Standard Chartered fined £46.5m by Bank of England for misreporting liquidity

The central bank’s Prudential Regulation Authority said the fine related to failings made at the bank between March 2018 and May 2019.

Henry Saker-Clark
Monday 20 December 2021 09:05
The group was handed a £46.5 million fine by the Bank of England (Yui Mok/PA)
The group was handed a £46.5 million fine by the Bank of England (Yui Mok/PA)

The Bank of England has fined banking giant Standard Chartered £46.55 million for misreporting its liquidity position and controls failures.

The central bank’s Prudential Regulation Authority (PRA) watchdog said the fine related to failings made at the bank between March 2018 and May 2019.

It said Standard Chartered made five regulatory reporting errors over the period, during which the PRA had imposed a temporary extra liquidity requirement of the bank due to outflows of dollars in the previous year.

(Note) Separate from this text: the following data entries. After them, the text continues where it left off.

lemma bdry_sum: "bdry X n (\<Sum>a\<in>A. f a) = (\<Sum>a\<in>A. bdry X n (f a) :: 'v::linorder set \<Rightarrow> 'a::comm_ring_1)"
  by (auto simp: fun_eq_iff bdry_def sum_chain_apply sum_distrib_right intro: sum.swap)

lemma bdry_diff: "bdry X n (f - g) = (bdry X n f - bdry X n g :: 'v::linorder set \<Rightarrow> 'a::comm_ring_1)"
  by (auto simp: bdry_def fun_eq_iff sum_subtractf left_diff_distrib)

lemma bdry_csmult: "bdry X n (csmult r f) = (csmult r (bdry X n f) :: 'v::linorder set \<Rightarrow> 'a::comm_ring_1)"
  by (auto simp: bdry_def fun_eq_iff csmult_def sum_distrib_left mult.assoc)

lemma bdry_combination_of_cycles:
  assumes "\<And>\<sigma>. \<sigma> \<in> A \<Longrightarrow> bdry X n (f \<sigma>) = 0"
  shows "bdry X n (\<Sum>\<sigma>\<in>A. csmult (a \<sigma>) (f \<sigma>)) = (0 :: 'v::linorder set \<Rightarrow> 'a::comm_ring_1)"
proof -
  have "bdry X n (\<Sum>\<sigma>\<in>A. csmult (a \<sigma>) (f \<sigma>)) = (\<Sum>\<sigma>\<in>A. csmult (a \<sigma>) 0)"
    using assms by (simp add: bdry_sum bdry_csmult)
  also have "\<dots> = 0" by (rule sum.neutral) (simp add: csmult_def fun_eq_iff)
  finally show ?thesis .
qed

text \<open>The matrix of L = d d^* is symmetric: its (theta, sigma) entry is the sum over
  (i+1)-faces rho of [rho : sigma][rho : theta].\<close>
lemma laplace_elem_symmetric:
  assumes "finite (cfaces X (Suc i))" "\<sigma> \<in> cfaces X (Suc i)" "\<theta> \<in> cfaces X (Suc i)"
  shows "laplace X i (elem \<sigma>) \<theta> = (laplace X i (elem \<theta>) \<sigma> :: 'a::comm_ring_1)"
  using assms by (simp add: laplace_def bdry_def cobdry_def elem_def sum_times_delta mult.commute)
lemma ybar_next:
  assumes "t \<in> {1..T}" "k \<in> {1..K}"
  shows "ybar t (Suc k) = ybar t k + \<alpha> *\<^sub>R (vbar t k - ybar t k)"
proof -
  have "ybar t (Suc k) = avg n (\<lambda>i. (1 - \<alpha>) *\<^sub>R xh i t k + \<alpha> *\<^sub>R v i t k)"
    unfolding ybar_def using inner_step(6)[OF _ assms] by (intro avg_cong) simp
  then show ?thesis
    unfolding avg_lincomb avg_xh[OF assms] vbar_def by (simp add: algebra_simps)
qed

lemma dev_x_next:
  assumes "t \<in> {1..T}" "k \<in> {1..K}"
  shows "dev_x t (Suc k) \<le> mix_rate * dev_x t k + \<alpha> * (sqrt (real n) * M)"
proof -
  have "dev_x t (Suc k) = dev n (\<lambda>i. (1 - \<alpha>) *\<^sub>R xh i t k + \<alpha> *\<^sub>R v i t k)"
    unfolding dev_x_def using inner_step(6)[OF _ assms] by (intro dev_cong) simp
  also have "\<dots> \<le> \<bar>1 - \<alpha>\<bar> * dev_xh t k + \<bar>\<alpha>\<bar> * dev n (\<lambda>i. v i t k)"
    unfolding dev_xh_def by (rule dev_lincomb)
  also have "\<dots> \<le> 1 * (mix_rate * dev_x t k) + \<alpha> * (sqrt (real n) * M)"
    using dev_xh_le[OF assms] step_size_pos step_size_le_1
      dev_le_sqrt_diameter[of "\<lambda>i. v i t k"] inner_step(4)[OF _ assms]
    by (intro add_mono mult_mono) auto
  finally show ?thesis by simp
qed

lemma dev_x_round_end:
  assumes t: "t \<in> {1..T}"
  shows "dev_x t (Suc K) \<le> mix_rate * dev_x t 1 + \<alpha> * (sqrt (real n) * M) / (1 - mix_rate)"
proof -
  have "dev_x t (Suc K) \<le> mix_rate ^ K * dev_x t (Suc 0) + \<alpha> * (sqrt (real n) * M) / (1 - mix_rate)"
    using dev_x_next[OF t] mix_rate_bounds step_size_pos diameter_nonneg
    by (intro linear_recursion_le[where a = "\<lambda>k. dev_x t (Suc k)"]) auto
  moreover have "mix_rate ^ K \<le> mix_rate"
    using K_pos mix_rate_bounds power_decreasing[of 1 K mix_rate] by simp
  then have "mix_rate ^ K * dev_x t 1 \<le> mix_rate * dev_x t 1"
    by (simp add: mult_right_mono)
  ultimately show ?thesis by simp
qed

section \<open>Gradient tracking\<close>

lemma proj_gh:
  assumes "i < n" "t \<in> {1..T}" "k \<in> {1..K}"
  shows "proj (gh i t k) = mix t (\<lambda>j. proj (gb j t k)) i"
  using inner_step(3)[OF assms] by (simp add: proj_mix)

lemma proj_gb_first: "i < n \<Longrightarrow> t \<in> {1..T} \<Longrightarrow> proj (gb i t 1) = pgrad t 1 i"
  using inner_step(2)[of i t 1] K_pos by (simp add: pgrad_def)

lemma proj_gb_next:
  assumes "i < n" "t \<in> {1..T}" "k \<in> {1..K}" "Suc k \<le> K"
  shows "proj (gb i t (Suc k)) = proj (gh i t k) + (pgrad t (Suc k) i - pgrad t k i)"
  using inner_step(2)[of i t "Suc k"] assms by (simp add: pgrad_def proj_add proj_diff)

lemma avg_proj_gh:
  assumes t: "t \<in> {1..T}" and k: "k \<in> {1..K}"
  shows "avg n (\<lambda>i. proj (gh i t k)) = avg n (pgrad t k)"
proof -
  have "k \<le> K \<Longrightarrow> avg n (\<lambda>i. proj (gh i t k)) = avg n (pgrad t k)" if "1 \<le> k" for k
    using that
  proof (induction k rule: nat_induct_at_least)
    case base
    have "avg n (\<lambda>i. proj (gh i t 1)) = avg n (mix t (\<lambda>j. proj (gb j t 1)))"
      using proj_gh[OF _ t] base by (intro avg_cong) simp
    also have "\<dots> = avg n (\<lambda>j. proj (gb j t 1))"
      using avg_mix_eq t by simp
    also have "\<dots> = avg n (pgrad t 1)"
      using proj_gb_first[OF _ t] by (intro avg_cong) simp
    finally show ?case .
  next
    case (Suc k)
    have "avg n (\<lambda>i. proj (gh i t (Suc k))) = avg n (mix t (\<lambda>j. proj (gb j t (Suc k))))"
      using proj_gh[OF _ t] Suc by (intro avg_cong) simp
    also have "\<dots> = avg n (\<lambda>j. proj (gb j t (Suc k)))"
      using avg_mix_eq t by simp
    also have "\<dots> = avg n (\<lambda>j. proj (gh j t k) + (pgrad t (Suc k) j - pgrad t k j))"
      using proj_gb_next[OF _ t] Suc by (intro avg_cong) simp
    also have "\<dots> = avg n (pgrad t (Suc k))"
      using Suc by (simp add: avg_add avg_diff)
    finally show ?case .
  qed
  then show ?thesis using k by simp
qed

lemma dev_g_first:
  assumes t: "t \<in> {1..T}"
  shows "dev_g t 1 \<le> sqrt (real n) * Bg"
proof -
  have "dev_g t 1 = dev n (mix t (\<lambda>j. proj (gb j t 1)))"
    unfolding dev_g_def using proj_gh[OF _ t] K_pos by (intro dev_cong) simp
  also have "\<dots> \<le> mix_rate * dev n (\<lambda>j. proj (gb j t 1))"
    using dev_mix_le t by simp
  also have "\<dots> \<le> dev n (\<lambda>j. proj (gb j t 1))"
    using mix_rate_bounds by (simp add: mult_left_le_one_le)
  also have "\<dots> = dev n (pgrad t 1)"
    using proj_gb_first[OF _ t] by (intro dev_cong) simp
  also have "\<dots> \<le> l2 n (\<lambda>i. pgrad t 1 i - 0)" by (rule dev_le_l2_diff)
  also have "\<dots> \<le> sqrt (real n) * Bg"
    using smooth_convex.norm_proj_grad_le[OF smooth_convex_f] xh_in_X t K_pos Bg_nonneg
    by (intro l2_le_const) (auto simp: pgrad_def)
  finally show ?thesis .
qed

lemma l2_xh_diff_le:
  assumes t: "t \<in> {1..T}" and k: "k \<in> {1..K}" "Suc k \<le> K"
  shows "l2 n (\<lambda>j. xh j t (Suc k) - xh j t k)
    \<le> dev_xh t (Suc k) + dev_xh t k + sqrt (real n) * (\<alpha> * M)"
proof -
  let ?P = "\<lambda>j. xh j t (Suc k) - ybar t (Suc k)" and ?R = "\<lambda>j. xh j t k - ybar t k"
  let ?Q = "ybar t (Suc k) - ybar t k"
  have "(\<lambda>j. xh j t (Suc k) - xh j t k) = (\<lambda>j. ?P j + (?Q - ?R j))"
    by (simp add: fun_eq_iff algebra_simps)
  then have "l2 n (\<lambda>j. xh j t (Suc k) - xh j t k) \<le> l2 n ?P + (l2 n (\<lambda>j. ?Q) + l2 n ?R)"
    using l2_triangle[of n ?P "\<lambda>j. ?Q - ?R j"] l2_diff[of n "\<lambda>j. ?Q" ?R] by simp
  moreover have "l2 n ?P = dev_xh t (Suc k)" "l2 n ?R = dev_xh t k"
    using avg_xh[OF t k(1)] avg_xh[OF t, of "Suc k"] k by (simp_all add: dev_xh_def dev_def)
  moreover have "l2 n (\<lambda>j. ?Q) \<le> sqrt (real n) * (\<alpha> * M)"
    using ybar_next[OF t k(1)] step_size_pos A2(2)[OF vbar_in_X[OF t k(1)] ybar_in_X[of t k]] t k
      diameter_nonneg
    by (intro l2_le_const) (simp_all add: mult_left_mono)
  ultimately show ?thesis by simp
qed

lemma l2_pgrad_diff_le:
  assumes t: "t \<in> {1..T}" and k: "k \<in> {1..K}" "Suc k \<le> K"
  shows "l2 n (\<lambda>j. pgrad t (Suc k) j - pgrad t k j)
    \<le> Lg * (dev_xh t (Suc k) + dev_xh t k + sqrt (real n) * (\<alpha> * M))"
proof -
  have "l2 n (\<lambda>j. pgrad t (Suc k) j - pgrad t k j) \<le> l2 n (\<lambda>j. Lg *\<^sub>R (xh j t (Suc k) - xh j t k))"
    using smooth_convex.norm_proj_grad_diff_le[OF smooth_convex_f] xh_in_X t k Lg_nonneg
    by (intro l2_mono) (simp add: pgrad_def)
  also have "\<dots> = Lg * l2 n (\<lambda>j. xh j t (Suc k) - xh j t k)"
    using Lg_nonneg by (simp add: l2_scaleR)
  also have "\<dots> \<le> Lg * (dev_xh t (Suc k) + dev_xh t k + sqrt (real n) * (\<alpha> * M))"
    using l2_xh_diff_le[OF assms] Lg_nonneg by (rule mult_left_mono)
  finally show ?thesis .
qed

lemma dev_g_next:
  assumes t: "t \<in> {1..T}" and k: "k \<in> {1..K}" "Suc k \<le> K"
  shows "dev_g t (Suc k)
    \<le> mix_rate * (dev_g t k + Lg * (dev_xh t (Suc k) + dev_xh t k + sqrt (real n) * (\<alpha> * M)))"
proof -
  have "dev_g t (Suc k) = dev n (mix t (\<lambda>j. proj (gb j t (Suc k))))"
    unfolding dev_g_def using proj_gh[OF _ t] k by (intro dev_cong) simp
  also have "\<dots> \<le> mix_rate * dev n (\<lambda>j. proj (gb j t (Suc k)))"
    using dev_mix_le t by simp
  also have "\<dots> = mix_rate * dev n (\<lambda>j. proj (gh j t k) + (pgrad t (Suc k) j - pgrad t k j))"
    using proj_gb_next[OF _ t k] by (simp cong: dev_cong)
  also have "\<dots> \<le> mix_rate * (dev_g t k + l2 n (\<lambda>j. pgrad t (Suc k) j - pgrad t k j))"
    using mix_rate_bounds dev_le_l2_diff[of n _ 0]
    by (intro mult_left_mono order_trans[OF dev_add]) (simp_all add: dev_g_def)
  also have "\<dots> \<le> mix_rate * (dev_g t k + Lg * (dev_xh t (Suc k) + dev_xh t k + sqrt (real n) * (\<alpha> * M)))"
    using l2_pgrad_diff_le[OF t k] mix_rate_bounds by (simp add: mult_left_mono)
  finally show ?thesis .
qed

end

section \<open>The optimality gap of the average\<close>

context domfw_setting
begin

definition grad_F :: "nat \<Rightarrow> 'a \<Rightarrow> 'a" where
  "grad_F t y = (\<Sum>i<n. grad i t y)"

definition gap_rate :: real where
  "gap_rate = exp (- 1 / \<rho>)"

lemma gap_rate_bounds: "0 \<le> gap_rate" "gap_rate < 1"
  unfolding gap_rate_def using \<rho> by simp_all

end

context domfw_run
begin

lemma Fsum_ybar_next:
  assumes t: "t \<in> {1..T}" and k: "k \<in> {1..K}"
  shows "Fsum n f t (ybar t (Suc k)) - Fsum n f t (ybar t k)
    \<le> \<alpha> * inner (grad_F t (ybar t k)) (vbar t k - ybar t k) + real n * \<bar>G\<bar> * \<alpha>\<^sup>2 * M\<^sup>2 / 2"
proof -
  let ?y0 = "ybar t k" and ?y1 = "ybar t (Suc k)"
  have y0: "?y0 \<in> X" and y1: "?y1 \<in> X" using ybar_in_X t k by auto
  have "norm (?y1 - ?y0) \<le> \<alpha> * M"
    using ybar_next[OF t k] step_size_pos A2(2)[OF vbar_in_X[OF t k] y0] by (simp add: mult_left_mono)
  then have "G / 2 * (norm (?y1 - ?y0))\<^sup>2 \<le> \<bar>G\<bar> / 2 * (\<alpha> * M)\<^sup>2"
    by (intro mult_mono power_mono) auto
  then have "f i t ?y1 - f i t ?y0 \<le> inner (grad i t ?y0) (?y1 - ?y0) + \<bar>G\<bar> / 2 * (\<alpha> * M)\<^sup>2"
    if "i < n" for i
    using A4[OF that _ y1 y0] t by fastforce
  then have "(\<Sum>i<n. f i t ?y1 - f i t ?y0)
      \<le> (\<Sum>i<n. inner (grad i t ?y0) (?y1 - ?y0) + \<bar>G\<bar> / 2 * (\<alpha> * M)\<^sup>2)"
    by (intro sum_mono) simp
  then show ?thesis
    using ybar_next[OF t k]
    by (simp add: Fsum_def grad_F_def sum_subtractf sum.distrib inner_sum_left power_mult_distrib
        sum_distrib_left mult.assoc)
qed

lemma inner_grad_F_xstar_le:
  assumes t: "t \<in> {1..T}" and k: "k \<in> {1..Suc K}"
  shows "inner (grad_F t (ybar t k)) (xstar t - ybar t k) \<le> - gap t k"
proof -
  have "inner (grad_F t (ybar t k)) (xstar t - ybar t k)
      = (\<Sum>i<n. inner (grad i t (ybar t k)) (xstar t - ybar t k))"
    by (simp add: grad_F_def inner_sum_left)
  also have "\<dots> \<le> (\<Sum>i<n. f i t (xstar t) - f i t (ybar t k))"
    using smooth_convex.gradient_ineq[OF smooth_convex_f] ybar_in_X[OF t k] xstar_min t
    by (intro sum_mono) (simp add: algebra_simps)
  also have "\<dots> = - gap t k" by (simp add: gap_def Fsum_def sum_subtractf)
  finally show ?thesis .
qed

The PRA said the bank had only told it about one of the mistakes following an internal four-month review process.

Sam Woods deputy governor for prudential regulation at the Bank of England and chief executive officer of the PRA, said: “We expect firms to notify us promptly of any material issues with their regulatory reporting, which Standard Chartered failed to do in this case.

“Standard Chartered’s systems, controls and oversight fell significantly below the standards we expect of a systemically important bank, and this is reflected in the size of the fine in this case.”

The PRA added that its investigation found that Standard Chartered also failed to implement a documented policy setting out when liquidity errors should be notified to the regulator.

It also found the bank failed to maintain and operate adequate controls testing and checks over liquidity.

The bank did not ensure it has appropriate human resources to investigate potential misreporting, the PRA added.

Standard Chartered saw its potential punishment reduced by 30% from £66.5 million after agreeing to resolve the matter.

A spokesman for Standard Chartered said it “accepts the findings” of the PRA related to liquidity reporting errors it said it “self-identified and self-corrected in 2018 and 2019”.

“These errors did not affect Standard Chartered’s overall liquidity position, which remained in surplus throughout the period,” it added.

“Standard Chartered has cooperated proactively and fully with the PRA’s investigation and has made significant improvements to and substantial investment in its liquidity and regulatory reporting processes and controls and remains committed to accurate regulatory reporting.”

Shares in the company were 1.5% lower in early trading.